Due to the COVID-19 lockdown, numerous passenger trains of the IR were suspended. Such a scenario has created a chaotic situation for the passengers who wish to travel for their urgency. Hence, to normalize the troublesome situation to some extent, the government of India allowed some important trains for significant routes. Delhi to Mumbai is essentially an important route, as Mumbai is the financial capital of India. Furthermore, the route is financially profitable for the IR. As a matter of fact, in this study, we have focused on 26 best trains that were functional after COVID-19 lockdown in the country.

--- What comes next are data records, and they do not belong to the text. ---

(* Let $G=(V,E)$ be a finite, simple, connected graph with $|V|\geq 3$ and let $d\in\mathrm{Der}(\mathcal{A}(G))$ with $d(e_i)=\sum_{k\in V}d_{ik}e_k$. If $d_{ij}\neq 0$ for some $i,j\in V$ with $i\neq j$, then $i\sim_t j$.
   Context: Throughout, $\mathbb{K}$ is a field of characteristic $0$. A graph $G=(V,E)$ has vertex set $V=\{1,\dots,n\}$ and is assumed finite, simple (no loops, no multiple edges) and connected. $\mathcal{N}(i)$ denotes the set of neighbors of vertex $i$, and $(a_{ij})$ is the adjacency matrix ($a_{ij}=1$ if $i,j$ are adjacent, $0$ otherwise). The evolution algebra $\mathcal{A}(G)$ is the $\mathbb{K}$-algebra with basis $\{e_i: i\in V\}$ and product $e_i\cdot e_i=\sum_{k\in V}a_{ik}e_k=\sum_{k\in\mathcal{N}(i)}e_k$ and $e_i\cdot e_j=0$ for $i\neq j$. A derivation of $\mathcal{A}(G)$ is a linear map $d:\mathcal{A}(G)\to\mathcal{A}(G)$ with $d(u\cdot v)=d(u)\cdot v+u\cdot d(v)$ for all $u,v$; $\mathrm{Der}(\mathcal{A}(G))$ is the space of derivations, and for $d$ in it we write $d(e_i)=\sum_{k\in V}d_{ik}e_k$. Two vertices $i,j$ are twins, written $i\sim_t j$, if $\mathcal{N}(i)=\mathcal{N}(j)$. *)

theory Defs
  imports Main
begin

definition simple_graph :: "'v set \<Rightarrow> ('v \<Rightarrow> 'v \<Rightarrow> bool) \<Rightarrow> bool" where
  "simple_graph V E \<longleftrightarrow> finite V \<and> (\<forall>i j. E i j \<longrightarrow> i \<in> V \<and> j \<in> V)
     \<and> (\<forall>i j. E i j \<longrightarrow> E j i) \<and> (\<forall>i. \<not> E i i)"

definition graph_connected :: "'v set \<Rightarrow> ('v \<Rightarrow> 'v \<Rightarrow> bool) \<Rightarrow> bool" where
  "graph_connected V E \<longleftrightarrow> (\<forall>i\<in>V. \<forall>j\<in>V. (i, j) \<in> {(x, y). E x y}\<^sup>*)"

definition nbhd :: "('v \<Rightarrow> 'v \<Rightarrow> bool) \<Rightarrow> 'v \<Rightarrow> 'v set" where
  "nbhd E i = {k. E i k}"

definition adj :: "('v \<Rightarrow> 'v \<Rightarrow> bool) \<Rightarrow> 'v \<Rightarrow> 'v \<Rightarrow> 'k::field" where
  "adj E i k = (if E i k then 1 else 0)"

definition twins :: "('v \<Rightarrow> 'v \<Rightarrow> bool) \<Rightarrow> 'v \<Rightarrow> 'v \<Rightarrow> bool" where
  "twins E i j \<longleftrightarrow> nbhd E i = nbhd E j"

text \<open>Elements of the evolution algebra A(G): coordinate functions w.r.t. the basis
  (e_i)_{i in V}, vanishing outside V.\<close>
definition evo_elems :: "'v set \<Rightarrow> ('v \<Rightarrow> 'k::field) set" where
  "evo_elems V = {u. \<forall>x. x \<notin> V \<longrightarrow> u x = 0}"

text \<open>Product: e_i e_i = sum_k a_ik e_k, e_i e_j = 0 for i ~= j, extended bilinearly.\<close>
definition evo_mult :: "'v set \<Rightarrow> ('v \<Rightarrow> 'v \<Rightarrow> bool) \<Rightarrow> ('v \<Rightarrow> 'k::field) \<Rightarrow> ('v \<Rightarrow> 'k) \<Rightarrow> ('v \<Rightarrow> 'k)" where
  "evo_mult V E u w = (\<lambda>k. if k \<in> V then (\<Sum>i\<in>V. u i * w i * adj E i k) else 0)"

text \<open>The linear map with matrix D, i.e. d(e_i) = sum_k D i k e_k.\<close>
definition lin_of :: "'v set \<Rightarrow> ('v \<Rightarrow> 'v \<Rightarrow> 'k::field) \<Rightarrow> ('v \<Rightarrow> 'k) \<Rightarrow> ('v \<Rightarrow> 'k)" where
  "lin_of V D u = (\<lambda>k. if k \<in> V then (\<Sum>i\<in>V. u i * D i k) else 0)"

definition is_derivation :: "'v set \<Rightarrow> ('v \<Rightarrow> 'v \<Rightarrow> bool) \<Rightarrow> ('v \<Rightarrow> 'v \<Rightarrow> 'k::field) \<Rightarrow> bool" where
  "is_derivation V E D \<longleftrightarrow> (\<forall>u\<in>evo_elems V. \<forall>w\<in>evo_elems V.
     lin_of V D (evo_mult V E u w)
       = (\<lambda>k. evo_mult V E (lin_of V D u) w k + evo_mult V E u (lin_of V D w) k))"

end

theory Submission
  imports Defs
begin

text \<open>Applying the derivation rule to \<open>e\<^sub>i e\<^sub>j = 0\<close> (\<open>i \<noteq> j\<close>) and reading off the
  coefficient of \<open>e\<^sub>k\<close> gives \<open>d\<^sub>i\<^sub>j a\<^sub>j\<^sub>k + d\<^sub>j\<^sub>i a\<^sub>i\<^sub>k = 0\<close> for every \<open>k\<close>. Taking for \<open>k\<close> a
  neighbour of \<open>j\<close> (it exists by connectedness) forces \<open>a\<^sub>i\<^sub>k = 1\<close> and \<open>d\<^sub>j\<^sub>i = -d\<^sub>i\<^sub>j\<close>;
  then \<open>d\<^sub>i\<^sub>j (a\<^sub>j\<^sub>k - a\<^sub>i\<^sub>k) = 0\<close> for all \<open>k\<close>, so \<open>i\<close> and \<open>j\<close> have the same neighbours.\<close>

definition evo_basis :: "'v \<Rightarrow> 'v \<Rightarrow> 'k::field" where
  "evo_basis i = (\<lambda>x. if x = i then 1 else 0)"

lemma evo_basis_in_evo_elems: "i \<in> V \<Longrightarrow> evo_basis i \<in> evo_elems V"
  by (simp add: evo_basis_def evo_elems_def)

lemma sum_evo_basis_mult:
  assumes "finite V"
  shows "(\<Sum>x\<in>V. evo_basis i x * f x) = (if i \<in> V then f i else 0)"
proof -
  have "(\<Sum>x\<in>V. evo_basis i x * f x) = (\<Sum>x\<in>V. if x = i then f x else 0)"
    by (rule sum.cong) (simp_all add: evo_basis_def)
  with assms show ?thesis by simp
qed

lemma lin_of_evo_basis:
  assumes "finite V" and "i \<in> V"
  shows "lin_of V D (evo_basis i) = (\<lambda>k. if k \<in> V then D i k else 0)"
  using assms by (simp add: lin_of_def sum_evo_basis_mult[OF assms(1)] fun_eq_iff)

lemma evo_mult_evo_basis_distinct:
  assumes "i \<noteq> j"
  shows "evo_mult V E (evo_basis i) (evo_basis j) = (\<lambda>k. 0)"
  using assms by (auto simp: evo_mult_def evo_basis_def fun_eq_iff intro!: sum.neutral)

lemma evo_mult_evo_basis_left:
  assumes "finite V" and "i \<in> V" and "k \<in> V"
  shows "evo_mult V E (evo_basis i) w k = w i * adj E i k"
  using assms by (simp add: evo_mult_def mult.assoc sum_evo_basis_mult)

lemma evo_mult_evo_basis_right:
  assumes "finite V" and "j \<in> V" and "k \<in> V"
  shows "evo_mult V E u (evo_basis j) k = u j * adj E j k"
  using assms by (simp add: evo_mult_def mult.assoc mult.left_commute[of "u _"] sum_evo_basis_mult)

lemma is_derivationD:
  assumes "is_derivation V E D" and "u \<in> evo_elems V" and "w \<in> evo_elems V"
  shows "lin_of V D (evo_mult V E u w) k
    = evo_mult V E (lin_of V D u) w k + evo_mult V E u (lin_of V D w) k"
proof -
  have "lin_of V D (evo_mult V E u w)
      = (\<lambda>k. evo_mult V E (lin_of V D u) w k + evo_mult V E u (lin_of V D w) k)"
    using assms unfolding is_derivation_def by (elim ballE) auto
  then show ?thesis by (rule fun_cong)
qed

lemma derivation_off_diagonal:
  assumes "finite V" and "is_derivation V E D"
    and "i \<in> V" and "j \<in> V" and "i \<noteq> j" and "k \<in> V"
  shows "D i j * adj E j k + D j i * adj E i k = 0"
proof -
  have "lin_of V D (evo_mult V E (evo_basis i) (evo_basis j)) k = 0"
    using assms(5) by (simp add: evo_mult_evo_basis_distinct lin_of_def)
  with is_derivationD[OF assms(2) evo_basis_in_evo_elems evo_basis_in_evo_elems, OF assms(3,4)]
  show ?thesis
    using assms(1,3,4,6)
    by (simp add: evo_mult_evo_basis_left evo_mult_evo_basis_right lin_of_evo_basis)
qed

lemma connected_has_neighbour:
  assumes "graph_connected V E" and "i \<in> V" and "j \<in> V" and "i \<noteq> j"
  obtains k where "E j k"
proof -
  have "(j, i) \<in> {(x, y). E x y}\<^sup>*"
    using assms(1-3) unfolding graph_connected_def by blast
  then show ?thesis
    using assms(4) by (cases rule: converse_rtranclE) (auto intro: that)
qed

theorem lemma3p4:
  fixes V :: "'v set" and E :: "'v \<Rightarrow> 'v \<Rightarrow> bool" and D :: "'v \<Rightarrow> 'v \<Rightarrow> 'k::field_char_0"
  assumes "simple_graph V E" and "graph_connected V E" and "card V \<ge> 3"
    and "is_derivation V E D"
    and "i \<in> V" and "j \<in> V" and "i \<noteq> j" and "D i j \<noteq> 0"
  shows "twins E i j"
proof -
  have fin: "finite V" and in_V: "\<And>a b. E a b \<Longrightarrow> a \<in> V \<and> b \<in> V"
    using assms(1) unfolding simple_graph_def by auto
  note off_diag = derivation_off_diagonal[OF fin assms(4-7)]
  obtain y where "E j y"
    using connected_has_neighbour assms(2,5-7) by metis
  with off_diag[of y] in_V have "D i j + D j i * adj E i y = 0"
    by (simp add: adj_def)
  with assms(8) have antisym: "D j i = - D i j"
    by (auto simp: adj_def add_eq_0_iff split: if_splits)
  have "E i k \<longleftrightarrow> E j k" for k
  proof (cases "k \<in> V")
    case True
    have "D i j * (adj E j k - adj E i k) = 0"
      using off_diag[OF True] antisym by (simp add: algebra_simps)
    with assms(8) have "adj E j k = (adj E i k :: 'k)" by simp
    then show ?thesis by (simp add: adj_def split: if_splits)
  next
    case False
    then show ?thesis using in_V by blast
  qed
  then show ?thesis by (simp add: twins_def nbhd_def)
qed

end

The railway reservation system is dynamic in nature since the status of the train berth, i.e., CNF, RAC, WL, alters quite frequently. This dynamic nature of the data is basically dependent on imprecise attributes, which have been processed in this study by employing rough set approaches. We have analysed the data using the RST, which will actually guide the passenger while reserving a train berth.

In this paper, we have presented a MCDM problem based on the IRRS. In this problem, a DM (passenger) has to decide whether to reserve a train berth for availing the journey on a particular train between stations, based on 12 conditional attributes of the IRRS. The analysis has been performed on real datasets corresponding to the IR. According to passenger decisions, we have analysed a set of attributes, which are necessarily critical as far as the reservation of the tickets in a particular train is concerned. In this context, we have used the attribute reduction technique of the rough set. This approach is also essential to analyse a suitable train for the journey. For comparative analysis, we have also used machine learning approaches by considering two machine learning estimators, RFC ETC.

In contrast to the traditional technique, the proposed approach provides a technique to help passengers select the convenient train that suits their journey.

As a future research interest, the extension of the proposed data mining technique of the decision support system can prove to be beneficial to its proprietary. Further, the natural language interpretation of the decision rules can be understood in a better way. Moreover, the development of some suitable metrics in order to remove redundant and contradictory decision rules is also considered as our future research interest.

#### Data Availability

The data used to support the findings of this study are available from the first/corresponding author upon request.

#### Conflicts of Interest

The authors declare that they have no conflicts of interest.

#### Authors’ Contributions

Haresh Kumar Sharma and Saibal Majumder conceptualized the study. Haresh Kumar Sharma developed the methodology; Saibal Majumder and Arindam Biswas dealt with the software; Haresh Kumar Sharma and Saibal Majumder validated the results; Olegas Prentkovskis and Paulius Skačkauskas were responsible for the formal analysis; Haresh Kumar Sharma and Olegas Prentkovskis dealt with the investigation; Paulius Skačkauskas collected the resources; Haresh Kumar Sharma and Saibal Majumder curated the data; Haresh Kumar Sharma prepared and wrote the original draft; Haresh Kumar Sharma, Saibal Majumder, Olegas Prentkovskis, Paulius Skačkauskas, and Samarjit Kar reviewed and edited the manuscript; Haresh Kumar Sharma and Arindam Biswas were responsible for visualization; Olegas Prentkovskis and Paulius Skačkauskas supervised the study; All the authors have read and agreed to the published version of the manuscript.